The following operations are supported:

  • Load a model — instruct a remote node to start serving a model
  • Unload a model — stop a model that is running on a remote node
  • List loaded models — query which models are currently active on a remote node

API Reference

All three operations are available as both Tauri IPC commands (desktop app) and REST API endpoints (headless mode).
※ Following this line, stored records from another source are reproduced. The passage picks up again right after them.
lemma lyapunov_antimono:
  assumes "0 \<le> T" and pos: "\<And>t. 0 \<le> t \<Longrightarrow> t < T \<Longrightarrow> 0 < L (x t)"
  shows "sqrt (L (x T)) + c / 2 * ln (1 + arclength T) \<le> sqrt (L 0)"
proof -
  define V where "V t = sqrt (L (x t)) + c / 2 * ln (1 + arclength t)" for t
  have "V T \<le> V 0"
  proof (rule DERIV_nonpos_imp_decreasing_open[OF \<open>0 \<le> T\<close>])
    have "1 + arclength t \<noteq> 0" if "t \<in> {0..T}" for t
      using arclength_nonneg[of t] that by simp
    then show "continuous_on {0..T} V"
      unfolding V_def
      by (intro continuous_intros continuous_on_subset[OF continuous_on_energy] continuous_on_arclength)
        auto
    fix t assume t: "0 < t" "t < T"
    define q where "q = sqrt (L (x t))"
    define n where "n = speed t"
    define s where "s = arclength t"
    have "0 < L (x t)" "0 \<le> s"
      using pos arclength_nonneg t by (auto simp: s_def)
    then have "0 < q"
      by (simp add: q_def)
    have "((\<lambda>t. sqrt (L (x t))) has_real_derivative inverse q / 2 * - n\<^sup>2) (at t)"
      unfolding q_def n_def
      by (rule DERIV_chain2[OF DERIV_real_sqrt[OF \<open>0 < L (x t)\<close>] energy_has_derivative[OF t(1)]])
    moreover have "((\<lambda>t. ln (1 + arclength t)) has_real_derivative n / (1 + s)) (at t)"
      using DERIV_chain2[OF DERIV_ln_divide DERIV_add[OF DERIV_const arclength_has_derivative[OF t(1)]]]
        \<open>0 \<le> s\<close>
      by (simp add: n_def s_def)
    ultimately have V_deriv:
      "(V has_real_derivative inverse q / 2 * - n\<^sup>2 + c / 2 * (n / (1 + s))) (at t)"
      unfolding V_def by (intro DERIV_add DERIV_cmult)
    have "c * q / (1 + s) \<le> n"
      using lojasiewicz_arclength[of t] t by (simp add: q_def n_def s_def)
    then have "n * (c * q - n * (1 + s)) \<le> 0"
      using \<open>0 \<le> s\<close> speed_nonneg[of t]
      by (intro mult_nonneg_nonpos) (auto simp: n_def divide_le_eq mult.commute)
    moreover have "inverse q / 2 * - n\<^sup>2 + c / 2 * (n / (1 + s))
        = n * (c * q - n * (1 + s)) / (2 * q * (1 + s))"
      using \<open>0 < q\<close> \<open>0 \<le> s\<close>
      by (simp add: divide_simps power2_eq_square) (simp add: algebra_simps)
    ultimately have "inverse q / 2 * - n\<^sup>2 + c / 2 * (n / (1 + s)) \<le> 0"
      using \<open>0 < q\<close> \<open>0 \<le> s\<close> by (simp add: divide_nonpos_pos)
    with V_deriv show "\<exists>y. (V has_real_derivative y) (at t) \<and> y \<le> 0"
      by blast
  qed
  then show ?thesis
    by (simp add: V_def flow_0 arclength_0)
qed

lemma arclength_le_while_energy_pos:
  assumes "0 \<le> T" and "\<And>t. 0 \<le> t \<Longrightarrow> t < T \<Longrightarrow> 0 < L (x t)"
  shows "arclength T \<le> exp (2 / c * sqrt (L 0)) - 1"
proof -
  have "c / 2 * ln (1 + arclength T) \<le> sqrt (L 0)"
    using lyapunov_antimono[OF assms] real_sqrt_ge_zero[OF L_nonneg[of "x T"]] by linarith
  then have "ln (1 + arclength T) \<le> 2 / c * sqrt (L 0)"
    using c_pos by (simp add: field_simps)
  then have "exp (ln (1 + arclength T)) \<le> exp (2 / c * sqrt (L 0))"
    by simp
  then show ?thesis
    using arclength_nonneg[OF assms(1)] by simp
qed

lemma arclength_le:
  assumes "0 \<le> T"
  shows "arclength T \<le> exp (2 / c * sqrt (L 0)) - 1"
proof (cases "\<forall>t. 0 \<le> t \<and> t < T \<longrightarrow> 0 < L (x t)")
  case True
  then show ?thesis
    using arclength_le_while_energy_pos[OF assms] by blast
next
  case False
  then obtain t\<^sub>1 where t\<^sub>1: "0 \<le> t\<^sub>1" "t\<^sub>1 < T" "\<not> 0 < L (x t\<^sub>1)"
    by blast
  then have "t\<^sub>1 \<in> {0..T}" "L (x t\<^sub>1) = 0"
    using L_nonneg[of "x t\<^sub>1"] by auto
  moreover have "continuous_on {0..T} (\<lambda>t. L (x t))"
    by (rule continuous_on_subset[OF continuous_on_energy]) auto
  ultimately obtain t\<^sub>0 where t\<^sub>0: "t\<^sub>0 \<in> {0..T}" "L (x t\<^sub>0) = 0"
    and before: "\<And>t. 0 \<le> t \<Longrightarrow> t < t\<^sub>0 \<Longrightarrow> L (x t) \<noteq> 0"
    using continuous_on_first_zero[where g = "\<lambda>t. L (x t)"] by blast
  have "arclength t\<^sub>0 \<le> exp (2 / c * sqrt (L 0)) - 1"
    by (rule arclength_le_while_energy_pos) (use t\<^sub>0(1) before L_nonneg in \<open>auto simp: order_le_less\<close>)
  moreover have "integral {t\<^sub>0..T} speed = integral {t\<^sub>0..T} (\<lambda>_. 0)"
    by (rule integral_cong) (use speed_eq_0_after_energy_0 t\<^sub>0 in auto)
  ultimately show ?thesis
    using arclength_diff[of t\<^sub>0 T] t\<^sub>0(1) by simp
qed

lemma flow_convergent: "\<exists>\<xi>. (x \<longlongrightarrow> \<xi>) at_top"
  using flow_convergent_if_arclength_bounded arclength_le by blast

lemma limit_norm_le:
  assumes "(x \<longlongrightarrow> \<xi>) at_top"
  shows "norm \<xi> \<le> exp (2 / c * sqrt (L 0)) - 1"
proof (rule tendsto_upperbound[OF tendsto_norm[OF assms]])
  show "\<forall>\<^sub>F t in at_top. norm (x t) \<le> exp (2 / c * sqrt (L 0)) - 1"
    using eventually_ge_at_top[of 0]
    by eventually_elim (use norm_flow_le_arclength arclength_le in \<open>auto intro: order_trans\<close>)
qed simp

lemma limit_energy_eq_0:
  assumes lim: "(x \<longlongrightarrow> \<xi>) at_top"
  shows "L \<xi> = 0"
proof (rule ccontr)
  define B where "B = exp (2 / c * sqrt (L 0)) - 1"
  define d where "d = c * sqrt (L \<xi>) / (1 + B)"
  assume "L \<xi> \<noteq> 0"
  then have "0 < d"
    using L_nonneg[of \<xi>] c_pos arclength_le[of 0] arclength_0 by (simp add: d_def B_def)
  have energy_lim: "((\<lambda>t. L (x t)) \<longlongrightarrow> L \<xi>) at_top"
    using continuous_on_tendsto_compose[OF continuous_on_L lim] by simp
  have energy_ge: "L \<xi> \<le> L (x t)" if "0 \<le> t" for t
  proof (rule tendsto_upperbound[OF energy_lim])
    show "\<forall>\<^sub>F s in at_top. L (x s) \<le> L (x t)"
      using eventually_ge_at_top[of t] by eventually_elim (use that energy_antimono in auto)
  qed simp
  have d_le_speed: "d \<le> speed t" if "0 \<le> t" for t
  proof -
    have "d \<le> c * sqrt (L (x t)) / (1 + arclength t)"
      unfolding d_def using that c_pos arclength_le[OF that] arclength_nonneg[OF that] L_nonneg
        energy_ge[OF that]
      by (intro frac_le mult_left_mono) (auto simp: B_def)
    also have "\<dots> \<le> speed t"
      by (rule lojasiewicz_arclength[OF that])
    finally show ?thesis .
  qed
  define T where "T = (B + 1) / d"
  have "0 \<le> T"
    using \<open>0 < d\<close> arclength_le[of 0] arclength_0 by (simp add: T_def B_def)
  then have "integral {0..T} (\<lambda>_. d) \<le> arclength T"
    unfolding arclength_def using d_le_speed by (intro integral_le speed_integrable) auto
  then have "B + 1 \<le> arclength T"
    using \<open>0 < d\<close> \<open>0 \<le> T\<close> by (simp add: T_def)
  then show False
    using arclength_le[OF \<open>0 \<le> T\<close>] by (simp add: B_def)
qed

end

theorem corollary2p5:
  fixes L :: "'a::{real_inner,complete_space} \<Rightarrow> real"
    and gradL :: "'a \<Rightarrow> 'a"
    and D2L :: "'a \<Rightarrow> ('a \<Rightarrow>\<^sub>L 'a)"
    and x :: "real \<Rightarrow> 'a"
    and c :: real
  assumes L_nonneg: "\<And>y. L y \<ge> 0"
    and L_grad: "\<And>y. (L has_derivative (\<lambda>h. gradL y \<bullet> h)) (at y)"
    and grad_diff: "\<And>y. (gradL has_derivative blinfun_apply (D2L y)) (at y)"
    and D2L_cont: "continuous_on UNIV D2L"
    and c_pos: "c > 0"
    and loj: "\<And>y. norm (gradL y) \<ge> c * sqrt (L y) / (1 + norm y)"
    and flow: "\<And>t. t \<ge> 0 \<Longrightarrow> (x has_vector_derivative - gradL (x t)) (at t within {0..})"
    and init: "x 0 = 0"
  shows "\<exists>x_inf. norm x_inf \<le> exp (2 / c * sqrt (L 0)) - 1 \<and> L x_inf = 0
                \<and> (x \<longlongrightarrow> x_inf) at_top"
proof -
  have "continuous_on UNIV gradL"
    using grad_diff has_derivative_continuous continuous_at_imp_continuous_on by blast
  then interpret lojasiewicz_gradient_flow L gradL x c
    using L_grad flow L_nonneg c_pos loj init by unfold_locales auto
  obtain \<xi> where "(x \<longlongrightarrow> \<xi>) at_top"
    using flow_convergent by blast
  then show ?thesis
    using limit_norm_le limit_energy_eq_0 by blast
qed

end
Load a Model on a Remote Node

Tauri IPC: load_model_on_remote_node

REST: POST /api/v1/nodes/{fingerprint}/models/load

Request body:

{
  "modelId": "llama-3-8b-q4",
  "modelPath": "/path/to/model.gguf",
  "contextLength": 4096,
  "gpuLayers": -1
}
Field Type Required Description
modelId string Yes Model identifier to load
modelPath string No Absolute path to the model file on the remote node
contextLength number No Override the default context length
gpuLayers number No Number of GPU layers (-1 for all)

Response:

{
  "success": true,
  "modelId": "llama-3-8b-q4",
  "nodeFingerprint": "fp_abc123"
}

On failure, success is false and an error field describes the problem.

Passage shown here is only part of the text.